Laser imaging system inspects Shuttle in orbit

In addition to cameras mounted on the ground, NASA will conduct detailed in-orbit surface inspections of the space shuttle Discovery using their Orbiter Boom and Sensor System (OBSS), a 50-foot-long robotic arm extension that houses a laser dynamic range imager (LDRI), a laser camera system (LCS), and an intensified television camera (ITVC).

WASHINGTON, DC - In addition to cameras mounted on the ground, NASA will conduct detailed in-orbit surface inspections of the space shuttle Discovery using their Orbiter Boom and Sensor System (OBSS), a 50-foot-long robotic arm extension that houses a laser dynamic range imager (LDRI), a laser camera system (LCS), and an intensified television camera (ITVC).

The Shuttle astronaut crew will inspect the leading edges of Discovery’s wing and its nose cone using a series of automated and manual robotic maneuvers for the OBSS. The LDRI, manufactured by Sandia National Laboratories (Albuquerque, NM) provides either two- or three-dimensional (3-D) infrared images of the shuttle surface, while the ITVC provides low-light black and white video images.

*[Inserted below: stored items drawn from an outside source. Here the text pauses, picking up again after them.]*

(* Fix an integer $D\ge 2$ and parameters $0<\lambda_1<\mu_1$, $\pi_S\in(0,1]$, and let $a,b$ be as in the context. For each $N$ for which there is at least one rooted plane tree with $N$ vertices and all out-degrees at most $D$, let $\mathbf P_N$ be the law of the empirical out-degree vector $$\Big(\tfrac{\chi_0(T)}{N},\tfrac{\chi_1(T)}{N},\dots,\tfrac{\chi_D(T)}{N}\Big)\in[0,1]^{D+1},$$ where $T$ is drawn from the tree-marginal $\Pi(T)=a^{|V|}b^{|V|-1}$ conditioned on $T$ having $N$ vertices and all out-degrees $\le D$. Equivalently, $T$ is uniformly distributed over such plane trees. Then there is a sequence of probability measures $(Q_N)_{N}$ on $[0,1]^{D+1}\times\mathcal M_D$ with marginals $Q_N^{(1)}$ and $Q_N^{(2)}$ such that: 1. $Q_N^{(1)}=\mathbf P_N$ for every $N$; 2. $Q_N\big\{(x,y): \sum_{k=0}^D|x_k-y_k|>2/N\big\}=0$ for every $N$; 3. $(Q_N^{(2)})_N$ satisfies a large deviation principle on $\mathcal M_D$ with speed $N$ and rate function $$I(p)=J(p)-\min_{q\in\mathcal M_D}J(q),\qquad J(p)=\log(a^{-1})+\log(b^{-1})+\sum_{k=0}^D p_k\log p_k .$$ Here $0\log 0=0$. The LDP means: for every closed $C\subseteq\mathcal M_D$, $\limsup_N \frac1N\log Q_N^{(2)}(C)\le-\inf_{p\in C}I(p)$, and for every open $O\subseteq\mathcal M_D$, $\liminf_N\frac1N\log Q_N^{(2)}(O)\ge-\inf_{p\in O}I(p)$.
   Context: A rooted plane tree is a finite rooted tree in which the children of each vertex are linearly ordered. The out-degree $|c(v)|$ of a vertex $v$ is its number of children. For a tree $T$, $\chi_k(T)$ denotes the number of vertices of out-degree $k$. Set $$a=\frac{\mu_1-\lambda_1}{\mu_1-\lambda_1(1-\pi_S)},\qquad b=\frac{\lambda_1\pi_S}{\mu_1-\lambda_1(1-\pi_S)}.$$ The set $\mathcal M_D$ is $\{p=(p_0,\dots,p_D)\in[0,1]^{D+1}:\sum_{k=0}^D p_k=1,\ \sum_{k=1}^D kp_k=1\}$, with the metric induced from $\mathbb R^{D+1}$. In the TKF91 Structure Tree model, the weight of a rooted plane tree $T=(V,E)$ is $\Pi(T)=a^{|V|}b^{|V|-1}$. *)

theory Defs
  imports "HOL-Probability.Probability"
begin

datatype ptree = Node "ptree list"

fun nverts :: "ptree \<Rightarrow> nat" where
  "nverts (Node ts) = 1 + sum_list (map nverts ts)"

fun chi :: "nat \<Rightarrow> ptree \<Rightarrow> nat" where
  "chi k (Node ts) = (if length ts = k then 1 else 0) + sum_list (map (chi k) ts)"

fun deg_le :: "nat \<Rightarrow> ptree \<Rightarrow> bool" where
  "deg_le D (Node ts) = (length ts \<le> D \<and> (\<forall>t\<in>set ts. deg_le D t))"

definition trees :: "nat \<Rightarrow> nat \<Rightarrow> ptree set" where
  "trees N D = {T. nverts T = N \<and> deg_le D T}"

text \<open>Vectors in R^(D+1) are encoded as functions nat => real, indices 0..D, zero beyond D.\<close>
definition cube :: "nat \<Rightarrow> (nat \<Rightarrow> real) set" where
  "cube D = {x. (\<forall>k\<le>D. 0 \<le> x k \<and> x k \<le> 1) \<and> (\<forall>k>D. x k = 0)}"

definition MD :: "nat \<Rightarrow> (nat \<Rightarrow> real) set" where
  "MD D = {p. (\<forall>k\<le>D. 0 \<le> p k \<and> p k \<le> 1) \<and> (\<forall>k>D. p k = 0)
              \<and> (\<Sum>k\<le>D. p k) = 1 \<and> (\<Sum>k=1..D. real k * p k) = 1}"

definition emp_deg :: "nat \<Rightarrow> nat \<Rightarrow> ptree \<Rightarrow> (nat \<Rightarrow> real)" where
  "emp_deg D N T = (\<lambda>k. if k \<le> D then real (chi k T) / real N else 0)"

text \<open>Law P_N of the empirical out-degree vector of a uniform tree from trees N D
  (equivalently, the Pi-weighted tree conditioned on N vertices and out-degrees \<le> D,
   since Pi depends only on the number of vertices).\<close>
definition PN :: "nat \<Rightarrow> nat \<Rightarrow> (nat \<Rightarrow> real) measure" where
  "PN D N = distr (measure_pmf (pmf_of_set (trees N D))) borel (emp_deg D N)"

For close-up imaging of tiny anomalies such as cracks and chips on the tiles of the shuttle, the LCS, manufactured by Neptec (Ottawa, ON, Canada; see OER, July 15, 2005, p. 2), can be used as a 3-D camera or for the generation of computer models of scanned images that are accurate to a few millimeters at a distance of up to 10 m. With a maximum scan rate of 4 m/min, the inspection will take about 7 hours to complete.